About this exercise
Using the records below, quote only the span that opens with the line containing "yields at most" and closes with the line containing "induction, conditioning on", exactly and inclusively.
******************************
(* Let $\mathcal{T}$ be a single-elimination tournament with at least $2$ players and $N$ total brackets, let $R$ be a uniformly random bracket, and let $q_{\mathrm{pair}}=\min_{a,b\in P(\mathcal{T}),\,a\ne b}\Pr[R(x_{a,b})\in\{a,b\}]$. If $\sigma$ is a scoring system with distinct subset sums, then $\mathrm{res}(\mathcal{T},\sigma)=(1-q_{\mathrm{pair}})N+1$.
   Context: A single-elimination tournament is a finite directed graph $\mathcal{T}$ such that: (a) $\mathcal{T}$ has exactly one sink (vertex with no out-neighbours); (b) every non-sink vertex has exactly one out-neighbour; (c) $\mathcal{T}$ has no directed cycles; (d) $|N^-(v)|\ne 1$ for every vertex $v$, where $N^-(v)$ denotes the set of in-neighbours of $v$. The players $P(\mathcal{T})$ are the sources and the matches are $M(\mathcal{T})=V(\mathcal{T})\setminus P(\mathcal{T})$. For a vertex $u$, $P(u)$ is the set of players $a$ for which there is a directed walk from $a$ to $u$ (length $0$ allowed). For distinct players $a,b$, $x_{a,b}$ denotes the unique match $x$ having in-neighbours $u_a,u_b\in N^-(x)$ with $P(u_a)\cap\{a,b\}=\{a\}$ and $P(u_b)\cap\{a,b\}=\{b\}$ (such a match exists and is unique). A bracket is a function $B:V(\mathcal{T})\to P(\mathcal{T})$ with $B(a)=a$ for every player $a$ and $B(x)\in\{B(u):u\in N^-(x)\}$ for every match $x$. A scoring system is any function $\sigma:M(\mathcal{T})\to\mathbb{R}_{>0}$; it has distinct subset sums if for any two sets of matches $M,M'$, $\sum_{x\in M}\sigma(x)=\sum_{x\in M'}\sigma(x)$ implies $M=M'$. For brackets $B,B'$ let $\mathrm{score}_\sigma(B,B')=\sum_{x\in M(\mathcal{T}):\,B(x)=B'(x)}\sigma(x)$. A set of brackets $\mathcal{B}$ is $\sigma$-resolving if for every pair of distinct brackets $B\ne B'$ there is $B_i\in\mathcal{B}$ with $\mathrm{score}_\sigma(B_i,B)\ne\mathrm{score}_\sigma(B_i,B')$. $\mathrm{res}(\mathcal{T},\sigma)$ is the minimum $r$ such that every set of $r$ brackets is $\sigma$-resolving. *)

theory Defs
  imports Complex_Main
begin

definition in_nbrs :: "('v \<times> 'v) set \<Rightarrow> 'v \<Rightarrow> 'v set" where
  "in_nbrs E v = {u. (u, v) \<in> E}"

definition is_sink :: "('v \<times> 'v) set \<Rightarrow> 'v \<Rightarrow> bool" where
  "is_sink E v \<longleftrightarrow> (\<forall>w. (v, w) \<notin> E)"

definition single_elim :: "'v set \<Rightarrow> ('v \<times> 'v) set \<Rightarrow> bool" where
  "single_elim V E \<longleftrightarrow>
     finite V \<and> E \<subseteq> V \<times> V
     \<and> (\<exists>!s. s \<in> V \<and> is_sink E s)
     \<and> (\<forall>v\<in>V. \<not> is_sink E v \<longrightarrow> (\<exists>!w. (v, w) \<in> E))
     \<and> acyclic E
     \<and> (\<forall>v\<in>V. card (in_nbrs E v) \<noteq> 1)"

definition players :: "'v set \<Rightarrow> ('v \<times> 'v) set \<Rightarrow> 'v set" where
  "players V E = {v \<in> V. in_nbrs E v = {}}"
text \<open>Along an order, Div_Alloc gives agent \<open>i\<close> the amount \<open>min (d i) (max 0 (k - D))\<close>, where
  \<open>d\<close> is the demand \<open>b/p\<close> of the agents with value at least \<open>p\<close> and \<open>D\<close> the total demand
  of the agents before \<open>i\<close>; this share is antitone in \<open>D\<close>. Fix the random partition \<open>(S1, S2)\<close>.
  The core inequality: for a submodular objective such as \<open>min m\<close>, evaluating the shares of
  two groups \<open>G1, G2\<close> of weightless agents on one uniformly random order of \<open>G1 \<union> G2 \<union> U\<close>
  yields at most its value on two independent orders of \<open>G1 \<union> U\<close> and \<open>G2 \<union> U\<close>. It is proved by
  induction, conditioning on the first element; the exchange inequalities between first
  elements come from a transposition coupling. Applied agent by agent to \<open>S1\<close> (with \<open>U = S2\<close>),
  it shows that the expected revenue of Sell_Modif is at least what \<open>S1\<close> would collect in one
  run of Div_Alloc on \<open>S\<close> in which only \<open>S2\<close> consumes supply before them, and this dominates
  what \<open>S1\<close> collects in Sell_Div. Each agent lies in \<open>S1\<close> with probability \<open>z\<close>.\<close>

section \<open>Averages over permutations\<close>

definition perm_avg :: "'a set \<Rightarrow> ('a list \<Rightarrow> real) \<Rightarrow> real" where
  "perm_avg A h = (\<Sum>\<pi>\<in>permutations_of_set A. h \<pi>) / real (card (permutations_of_set A))"

lemma perm_avg_first:
  assumes "finite A" "A \<noteq> {}"
  shows "perm_avg A h = (\<Sum>x\<in>A. perm_avg (A - {x}) (\<lambda>\<pi>. h (x # \<pi>))) / real (card A)"
proof -
  have "(\<Sum>\<pi>\<in>permutations_of_set A. h \<pi>) =
        (\<Sum>x\<in>A. \<Sum>\<pi>\<in>(#) x ` permutations_of_set (A - {x}). h \<pi>)"
    unfolding permutations_of_set_nonempty[OF assms(2)]
    by (rule sum.UNION_disjoint) (use assms in auto)
  also have "\<dots> = (\<Sum>x\<in>A. \<Sum>\<pi>\<in>permutations_of_set (A - {x}). h (x # \<pi>))"
    by (rule sum.cong[OF refl], subst sum.reindex) (auto simp: inj_on_def)
  finally have split: "(\<Sum>\<pi>\<in>permutations_of_set A. h \<pi>) = \<dots>" .
  have "card A > 0" using assms by (simp add: card_gt_0_iff)
  then have "fact (card A) = real (card A) * fact (card A - 1)"
    by (metis fact_reduce of_nat_fact)
  then show ?thesis
    unfolding perm_avg_def split using assms
    by (simp add: sum_divide_distrib[symmetric] field_simps)
qed

lemma perm_avg_cong:
  "(\<And>\<pi>. \<pi> \<in> permutations_of_set A \<Longrightarrow> h \<pi> = h' \<pi>) \<Longrightarrow> perm_avg A h = perm_avg A h'"
  unfolding perm_avg_def by (metis (no_types, lifting) sum.cong)

lemma perm_avg_mono:
  "(\<And>\<pi>. \<pi> \<in> permutations_of_set A \<Longrightarrow> h \<pi> \<le> h' \<pi>) \<Longrightarrow> perm_avg A h \<le> perm_avg A h'"
  unfolding perm_avg_def by (intro divide_right_mono sum_mono) auto

lemma perm_avg_const: "finite A \<Longrightarrow> perm_avg A (\<lambda>_. c) = c"
  by (simp add: perm_avg_def)

lemma perm_avg_add: "perm_avg A (\<lambda>\<pi>. h \<pi> + h' \<pi>) = perm_avg A h + perm_avg A h'"
  by (simp add: perm_avg_def sum.distrib add_divide_distrib)

lemma perm_avg_add_const: "finite A \<Longrightarrow> perm_avg A (\<lambda>\<pi>. c + h \<pi>) = c + perm_avg A h"
  using perm_avg_add[of A "\<lambda>_. c" h] by (simp add: perm_avg_const)

lemma perm_avg_mult_left: "perm_avg A (\<lambda>\<pi>. c * h \<pi>) = c * perm_avg A h"
  by (simp add: perm_avg_def sum_distrib_left)

lemma perm_avg_sum: "perm_avg A (\<lambda>\<pi>. \<Sum>y\<in>Y. h y \<pi>) = (\<Sum>y\<in>Y. perm_avg A (h y))"
  by (simp add: perm_avg_def sum.swap[of _ Y] sum_divide_distrib)

lemma perm_avg_divide: "perm_avg A (\<lambda>\<pi>. h \<pi> / c) = perm_avg A h / c"
  by (simp add: perm_avg_def sum_divide_distrib mult.commute)

lemma perm_avg_reindex:
  assumes "bij_betw \<phi> (permutations_of_set A) (permutations_of_set B)"
  shows "perm_avg B h = perm_avg A (\<lambda>\<pi>. h (\<phi> \<pi>))"
  unfolding perm_avg_def
  by (simp add: bij_betw_same_card[OF assms] sum.reindex_bij_betw[OF assms, symmetric])

lemma perm_avg_first_inner:
  assumes "finite B" "B \<noteq> {}"
  shows "perm_avg A (\<lambda>\<pi>. perm_avg B (h \<pi>))
       = (\<Sum>y\<in>B. perm_avg A (\<lambda>\<pi>. perm_avg (B - {y}) (\<lambda>\<rho>. h \<pi> (y # \<rho>)))) / real (card B)"
  by (subst perm_avg_first[OF assms]) (simp add: perm_avg_divide perm_avg_sum)

lemma expectation_pmf_of_set_permutations:
  "finite A \<Longrightarrow> measure_pmf.expectation (pmf_of_set (permutations_of_set A)) h = perm_avg A h"
  by (simp add: integral_pmf_of_set perm_avg_def)

lemma bij_betw_map_transpose_permutations:
  assumes "x \<in> V" "x' \<in> V"
  shows "bij_betw (map (Transposition.transpose x x'))
           (permutations_of_set (V - {x})) (permutations_of_set (V - {x'}))"
proof -
  let ?t = "Transposition.transpose x x'"
  have "?t ` (V - {x}) = V - {x'}"
    using assms by (auto simp: Transposition.transpose_def image_iff)
  moreover have "permutations_of_set (?t ` (V - {x})) = map ?t ` permutations_of_set (V - {x})"
    by (rule permutations_of_set_image_inj) simp
  moreover have "inj_on (map ?t) (permutations_of_set (V - {x}))"
    by (rule inj_on_subset[OF inj_mapI[OF inj_transpose]]) simp
  ultimately show ?thesis by (simp add: bij_betw_def)
qed

section \<open>Submodular objectives\<close>

text \<open>Submodularity of \<open>(a, b) \<mapsto> f (a + b)\<close> on \<open>\<real>\<^sup>2\<close>; it holds for every concave \<open>f\<close>.\<close>

definition submodular_sum :: "(real \<Rightarrow> real) \<Rightarrow> bool" where
  "submodular_sum f \<longleftrightarrow>
     (\<forall>a a' b b'. a' \<le> a \<longrightarrow> b' \<le> b \<longrightarrow> f (a + b) + f (a' + b') \<le> f (a + b') + f (a' + b))"

lemma submodular_sum_shift: "submodular_sum f \<Longrightarrow> submodular_sum (\<lambda>t. f (c + t))"
  unfolding submodular_sum_def
  by (metis (no_types, opaque_lifting) add.assoc add_le_cancel_left)

lemma submodular_sum_min: "submodular_sum (min m)"
  unfolding submodular_sum_def by (smt (verit, best))

lemma perm_avg_submodular_coupling:
  assumes f: "submodular_sum f"
    and \<phi>: "bij_betw \<phi> (permutations_of_set A) (permutations_of_set A')"
    and \<psi>: "bij_betw \<psi> (permutations_of_set B) (permutations_of_set B')"
    and \<alpha>: "\<And>\<pi>. \<pi> \<in> permutations_of_set A \<Longrightarrow> \<alpha>' (\<phi> \<pi>) \<le> \<alpha> \<pi>"
    and \<beta>: "\<And>\<rho>. \<rho> \<in> permutations_of_set B \<Longrightarrow> \<beta>' (\<psi> \<rho>) \<le> \<beta> \<rho>"
  shows "perm_avg A (\<lambda>\<pi>. perm_avg B (\<lambda>\<rho>. f (\<alpha> \<pi> + \<beta> \<rho>)))
           + perm_avg A' (\<lambda>\<pi>. perm_avg B' (\<lambda>\<rho>. f (\<alpha>' \<pi> + \<beta>' \<rho>)))
       \<le> perm_avg A (\<lambda>\<pi>. perm_avg B' (\<lambda>\<rho>. f (\<alpha> \<pi> + \<beta>' \<rho>)))
           + perm_avg A' (\<lambda>\<pi>. perm_avg B (\<lambda>\<rho>. f (\<alpha>' \<pi> + \<beta> \<rho>)))"
proof -
  have pointwise: "f (\<alpha> \<pi> + \<beta> \<rho>) + f (\<alpha>' (\<phi> \<pi>) + \<beta>' (\<psi> \<rho>))
                   \<le> f (\<alpha> \<pi> + \<beta>' (\<psi> \<rho>)) + f (\<alpha>' (\<phi> \<pi>) + \<beta> \<rho>)"
    if "\<pi> \<in> permutations_of_set A" "\<rho> \<in> permutations_of_set B" for \<pi> \<rho>
    using f \<alpha>[OF that(1)] \<beta>[OF that(2)] unfolding submodular_sum_def by blast
  have "perm_avg A (\<lambda>\<pi>. perm_avg B (\<lambda>\<rho>. f (\<alpha> \<pi> + \<beta> \<rho>) + f (\<alpha>' (\<phi> \<pi>) + \<beta>' (\<psi> \<rho>))))
      \<le> perm_avg A (\<lambda>\<pi>. perm_avg B (\<lambda>\<rho>. f (\<alpha> \<pi> + \<beta>' (\<psi> \<rho>)) + f (\<alpha>' (\<phi> \<pi>) + \<beta> \<rho>)))"
    by (intro perm_avg_mono pointwise)
  then show ?thesis
    unfolding perm_avg_reindex[OF \<phi>] perm_avg_reindex[OF \<psi>] by (simp only: perm_avg_add)
qed

lemma sum_diagonal_le:
  fixes \<Psi> :: "'a \<Rightarrow> 'a \<Rightarrow> real"
  assumes "\<And>u u'. u \<in> U \<Longrightarrow> u' \<in> U \<Longrightarrow> \<Psi> u u + \<Psi> u' u' \<le> \<Psi> u u' + \<Psi> u' u"
  shows "card U * (\<Sum>u\<in>U. \<Psi> u u) \<le> (\<Sum>u\<in>U. \<Sum>u'\<in>U. \<Psi> u u')"
proof -
  have "2 * (card U * (\<Sum>u\<in>U. \<Psi> u u)) = (\<Sum>u\<in>U. \<Sum>u'\<in>U. \<Psi> u u + \<Psi> u' u')"
    by (simp add: sum.distrib sum_distrib_left)
  also have "\<dots> \<le> (\<Sum>u\<in>U. \<Sum>u'\<in>U. \<Psi> u u' + \<Psi> u' u)"
    by (intro sum_mono assms)
  also have "\<dots> = 2 * (\<Sum>u\<in>U. \<Sum>u'\<in>U. \<Psi> u u')"
    by (simp add: sum.distrib sum.swap[of "\<lambda>u u'. \<Psi> u' u"])
  finally show ?thesis by simp
qed

lemma block_average_le:
  fixes t1 t2 n SGG SGU SUG SUU D :: real
  assumes pos: "t1 > 0" "t2 > 0" "n \<ge> 0"
    and mixed: "n * SGG + t1 * (t2 * D) \<le> t2 * SGU + t1 * SUG" and diag: "n * D \<le> SUU"
  shows "(SGG + SGU) / (t2 + n) + (SGG + SUG) / (t1 + n) + D
       \<le> (t1 + t2 + n) / ((t1 + n) * (t2 + n)) * (SGG + SGU + SUG + SUU)"
proof -
  have numerator: "(t1 + n) * (SGG + SGU) + (t2 + n) * (SGG + SUG) + (t1 + n) * (t2 + n) * D
      \<le> (t1 + t2 + n) * (SGG + SGU + SUG + SUU)"
  proof -
    have "0 \<le> (t1 + t2 + n) * (SUU - n * D)" using diag pos by simp
    then show ?thesis using mixed by (simp add: algebra_simps)
  qed
  have "(SGG + SGU) / (t2 + n) + (SGG + SUG) / (t1 + n) + D
      = ((t1 + n) * (SGG + SGU) + (t2 + n) * (SGG + SUG) + (t1 + n) * (t2 + n) * D) / ((t1 + n) * (t2 + n))"
  proof -
    have "a / N2 + b / N1 + D = (N1 * a + N2 * b + N1 * N2 * D) / (N1 * N2)"
      if "N1 \<noteq> 0" "N2 \<noteq> 0" for a b N1 N2 :: real
      using that by (simp add: field_simps)
    then show ?thesis using pos by simp
  qed
  also have "\<dots> \<le> (t1 + t2 + n) * (SGG + SGU + SUG + SUU) / ((t1 + n) * (t2 + n))"
    using numerator pos by (intro divide_right_mono) auto
  finally show ?thesis by simp
qed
******************************
Expected output
  yields at most its value on two independent orders of \<open>G1 \<union> U\<close> and \<open>G2 \<union> U\<close>. It is proved by
  induction, conditioning on the first element; the exchange inequalities between first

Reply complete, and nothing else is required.